I was one of those disorganized youngsters who would always argue with my parents when asked to clean my room. I’d live among the mess and convince myself that I didn’t mind. I’d tell myself that I knew where everything was when I needed to find it.
As I moved into college and had to start living with other people, I found myself struggling to break my disorganized habits. A series of severely disorganized roommates finally caused me to break habits that stretched back into my earliest years. For a time, I became compulsive about cleaning my kitchen, my room, and my car.
The incredible thing that I discovered was that the more I maintained a very specific order in my space, the more I felt that compulsion toward orderliness and organization move into the structuring of my time. Suddenly my to-do lists became more immediately accomplishable. I’d awaken earlier than usual in my clean space. I’d begin my day charging through the things that I needed to get done. I’d find time to eat a healthy meal, to bike to class instead of driving, to write that extra article.
So naturally it followed that the increase in order of my time meant that I was accomplishing more as a result.

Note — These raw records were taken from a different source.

lemma in_analytic_span_base:
  assumes "finite I" "i \<in> I"
  shows "in_analytic_span I B p (B i)"
  unfolding in_analytic_span_def
proof (intro exI conjI ballI always_eventually allI)
  show "(\<lambda>_. if j = i then 1 else 0) analytic_on {p}" for j by auto
  show "B i y = (\<Sum>j\<in>I. (if j = i then 1 else 0) * B j y)" for y
  proof -
    have "(\<Sum>j\<in>I. (if j = i then 1 else 0) * B j y) = (\<Sum>j\<in>I. if j = i then B j y else 0)"
      by (rule sum.cong) auto
    then show ?thesis using assms by simp
  qed
qed

lemma in_analytic_span_zero: "in_analytic_span I B p (\<lambda>_. 0)"
  unfolding in_analytic_span_def by (intro exI[of _ "\<lambda>_ _. 0"]) auto

lemma in_analytic_span_cong:
  assumes "in_analytic_span I B p h" "\<forall>\<^sub>F y in at p. h y = h' y"
  shows "in_analytic_span I B p h'"
proof -
  obtain a where "\<forall>i\<in>I. a i analytic_on {p}" "\<forall>\<^sub>F y in at p. h y = (\<Sum>i\<in>I. a i y * B i y)"
    using assms(1) unfolding in_analytic_span_def by blast
  moreover from this(2) assms(2) have "\<forall>\<^sub>F y in at p. h' y = (\<Sum>i\<in>I. a i y * B i y)"
    by eventually_elim simp
  ultimately show ?thesis unfolding in_analytic_span_def by blast
qed

lemma in_analytic_span_add:
  assumes "in_analytic_span I B p h1" "in_analytic_span I B p h2"
  shows "in_analytic_span I B p (\<lambda>y. h1 y + h2 y)"
proof -
  obtain a1 where a1: "\<forall>i\<in>I. a1 i analytic_on {p}"
      "\<forall>\<^sub>F y in at p. h1 y = (\<Sum>i\<in>I. a1 i y * B i y)"
    using assms(1) unfolding in_analytic_span_def by blast
  obtain a2 where a2: "\<forall>i\<in>I. a2 i analytic_on {p}"
      "\<forall>\<^sub>F y in at p. h2 y = (\<Sum>i\<in>I. a2 i y * B i y)"
    using assms(2) unfolding in_analytic_span_def by blast
  show ?thesis unfolding in_analytic_span_def
  proof (intro exI[of _ "\<lambda>i y. a1 i y + a2 i y"] conjI ballI)
    show "(\<lambda>y. a1 i y + a2 i y) analytic_on {p}" if "i \<in> I" for i
      using a1(1) a2(1) that by (auto intro: analytic_intros)
    show "\<forall>\<^sub>F y in at p. h1 y + h2 y = (\<Sum>i\<in>I. (a1 i y + a2 i y) * B i y)"
      using a1(2) a2(2) by eventually_elim (simp add: distrib_right sum.distrib)
  qed
qed

lemma in_analytic_span_mult_analytic:
  assumes "b analytic_on {p}" "in_analytic_span I B p h"
  shows "in_analytic_span I B p (\<lambda>y. b y * h y)"
proof -
  obtain a where a: "\<forall>i\<in>I. a i analytic_on {p}"
      "\<forall>\<^sub>F y in at p. h y = (\<Sum>i\<in>I. a i y * B i y)"
    using assms(2) unfolding in_analytic_span_def by blast
  show ?thesis unfolding in_analytic_span_def
  proof (intro exI[of _ "\<lambda>i y. b y * a i y"] conjI ballI)
    show "(\<lambda>y. b y * a i y) analytic_on {p}" if "i \<in> I" for i
      using a(1) assms(1) that by (auto intro: analytic_intros)
    show "\<forall>\<^sub>F y in at p. b y * h y = (\<Sum>i\<in>I. (b y * a i y) * B i y)"
      using a(2) by eventually_elim (simp add: sum_distrib_left mult.assoc)
  qed
qed

lemma in_analytic_span_diff:
  assumes "in_analytic_span I B p h1" "in_analytic_span I B p h2"
  shows "in_analytic_span I B p (\<lambda>y. h1 y - h2 y)"
proof -
  have "in_analytic_span I B p (\<lambda>y. h1 y + (\<lambda>_. -1) y * h2 y)"
    by (intro in_analytic_span_add in_analytic_span_mult_analytic assms) auto
  then show ?thesis by (rule in_analytic_span_cong) auto
qed

lemma in_analytic_span_telescope:
  assumes "\<And>i. i < n \<Longrightarrow> in_analytic_span I B p (\<lambda>y. F i y - F (Suc i) y)" "k \<le> n"
  shows "in_analytic_span I B p (\<lambda>y. F 0 y - F k y)"
  using assms(2)
proof (induction k)
  case 0
  show ?case by (rule in_analytic_span_cong[OF in_analytic_span_zero]) simp
next
  case (Suc k)
  have "in_analytic_span I B p (\<lambda>y. (F 0 y - F k y) + (F k y - F (Suc k) y))"
    using Suc by (intro in_analytic_span_add assms(1)) auto
  then show ?case by (rule in_analytic_span_cong) simp
qed

lemma in_analytic_span_meromorphic:
  assumes "in_analytic_span I B p h" "\<And>i. i \<in> I \<Longrightarrow> B i meromorphic_on {p}"
  shows "h meromorphic_on {p}"
proof -
  obtain a where a: "\<forall>i\<in>I. a i analytic_on {p}"
      "\<forall>\<^sub>F y in at p. h y = (\<Sum>i\<in>I. a i y * B i y)"
    using assms(1) unfolding in_analytic_span_def by blast
  have "(\<lambda>y. \<Sum>i\<in>I. a i y * B i y) meromorphic_on {p}"
    by (rule meromorphic_on_sum, rule meromorphic_on_mult[OF analytic_on_imp_meromorphic_on])
       (use a(1) assms(2) in auto)
  then show ?thesis
    by (subst (asm) meromorphic_on_cong[where g=h and B="{p}"])
       (use a(2) in \<open>auto elim: eventually_mono\<close>)
qed

lemma nu0_ge_if_in_analytic_span:
  assumes I: "finite I" and span: "in_analytic_span I B p h"
    and B: "\<And>i. i \<in> I \<Longrightarrow> B i meromorphic_on {p}"
    and k: "\<And>i. i \<in> I \<Longrightarrow> k \<le> nu0 (B i) p"
  shows "k \<le> nu0 h p"
proof -
  obtain a where a: "\<forall>i\<in>I. a i analytic_on {p}"
      and h: "\<forall>\<^sub>F y in at p. h y = (\<Sum>i\<in>I. a i y * B i y)"
    using span unfolding in_analytic_span_def by blast
  show ?thesis
  proof (cases k)
    case infinity
    have "\<forall>i\<in>I. \<forall>\<^sub>F y in at p. B i y = 0"
      using k unfolding infinity nu0_def by (metis enat.distinct(2) infinity_ileE)
    then have "\<forall>\<^sub>F y in at p. \<forall>i\<in>I. B i y = 0"
      using I by (simp add: eventually_ball_finite)
    then have "\<forall>\<^sub>F y in at p. h y = 0"
      using h by eventually_elim auto
    then show ?thesis unfolding infinity nu0_def by simp
  next
    case (enat n)
    show ?thesis
    proof (cases "n = 0")
      case True
      then show ?thesis using enat by (simp add: zero_enat_def[symmetric])
    next
      case False
      have "zero_order_ge n (\<lambda>y. \<Sum>i\<in>I. a i y * B i y) p"
        by (rule zero_order_ge_sum[OF I]) (use a k B False enat enat_le_nu0_iff in auto)
      then have "zero_order_ge n h p"
        by (rule zero_order_ge_cong) (use h in \<open>auto elim: eventually_mono\<close>)
      then show ?thesis
        using enat_le_nu0_iff[OF in_analytic_span_meromorphic[OF span B]] False enat by simp
    qed
  qed
qed

lemma Min_nu0_eq_if_spanning_each_other:
  assumes I: "finite I" "I \<noteq> {}" and J: "finite J" "J \<noteq> {}"
    and A_mero: "\<And>i. i \<in> I \<Longrightarrow> A i meromorphic_on {p}"
    and B_mero: "\<And>j. j \<in> J \<Longrightarrow> B j meromorphic_on {p}"
    and A_span: "\<And>i. i \<in> I \<Longrightarrow> in_analytic_span J B p (A i)"
    and B_span: "\<And>j. j \<in> J \<Longrightarrow> in_analytic_span I A p (B j)"
  shows "Min ((\<lambda>i. nu0 (A i) p) ` I) = Min ((\<lambda>j. nu0 (B j) p) ` J)"
proof (rule antisym)
  have "Min ((\<lambda>j. nu0 (B j) p) ` J) \<le> nu0 (A i) p" if "i \<in> I" for i
    by (rule nu0_ge_if_in_analytic_span[OF J(1) A_span[OF that] B_mero]) (use J in auto)
  then show "Min ((\<lambda>j. nu0 (B j) p) ` J) \<le> Min ((\<lambda>i. nu0 (A i) p) ` I)"
    using I by (intro Min.boundedI) auto
  have "Min ((\<lambda>i. nu0 (A i) p) ` I) \<le> nu0 (B j) p" if "j \<in> J" for j
    by (rule nu0_ge_if_in_analytic_span[OF I(1) B_span[OF that] A_mero]) (use I in auto)
  then show "Min ((\<lambda>i. nu0 (A i) p) ` I) \<le> Min ((\<lambda>j. nu0 (B j) p) ` J)"
    using J by (intro Min.boundedI) auto
qed

section \<open>The Joukowski map and its inverse \<open>zpar\<close>\<close>

definition jw :: "complex \<Rightarrow> complex" where
  "jw u = (u + inverse u) / 2"

lemma jw_eq_iff:
  assumes "a \<noteq> 0" "b \<noteq> 0"
  shows "jw a = jw b \<longleftrightarrow> a = b \<or> a * b = 1"
proof -
  have "jw a = jw b \<longleftrightarrow> a + inverse a = b + inverse b"
    unfolding jw_def by (metis divide_cancel_right zero_neq_numeral)
  also have "\<dots> \<longleftrightarrow> (a + inverse a) * (a * b) = (b + inverse b) * (a * b)"
    using assms by simp
  also have "(a + inverse a) * (a * b) = a * a * b + b" using assms by (simp add: field_simps)
  also have "(b + inverse b) * (a * b) = a * b * b + a" using assms by (simp add: field_simps)
  also have "a * a * b + b = a * b * b + a \<longleftrightarrow> (a - b) * (a * b - 1) = 0"
    by (simp add: algebra_simps)
  finally show ?thesis by simp
qed

lemma norm_eq_1_if_mult_self_eq_1:
  fixes a :: complex
  assumes "a * a = 1"
  shows "norm a = 1"
proof -
  have "norm a ^ 2 = 1 ^ 2" using assms by (metis norm_mult norm_one power2_eq_square power_one)
  then show ?thesis by (simp add: abs_square_eq_1)
qed

lemma jw_inverse: "a \<noteq> 0 \<Longrightarrow> jw (inverse a) = jw a"
  unfolding jw_def by (simp add: add.commute)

I won’t pretend to have a substantial hypothesis for the causality of this chain of events. It could just be incidental. It could be exclusive to the way that my personality works. All I know is that throughout 2012 I began making order a significant priority. It was something that I was very interested in cultivating on a daily and hourly basis rather than only periodically – when things got just too messy.
And I think, as a definite result. I accomplished more in 2012 than in almost any year previous. I was also generally happier.
I think at the essence of order – as simple as it may be – as minimally invasive as it may be – is the idea that you are exercising control over one area of your life.
The act of exercising that control, reshaping that one area of your life, the organization of your things within the space you live, seems to reinforce your feeling of general competence to reshape any part of the world – to sculpt with your time a pathway into which you can accomplish anything you set your mind to.
Maybe this is an elaborate justification for the philosophical significance of something as mundane as cleaning my room. I don’t know.
When I look back on my year and how satisfied I am with how it developed, I must believe there is something essentially relevant to my choice to be more concentrated on organization. Inside that organization, I am convinced I made room for peace and quiet to develop. I gave myself room to breathe, and grow.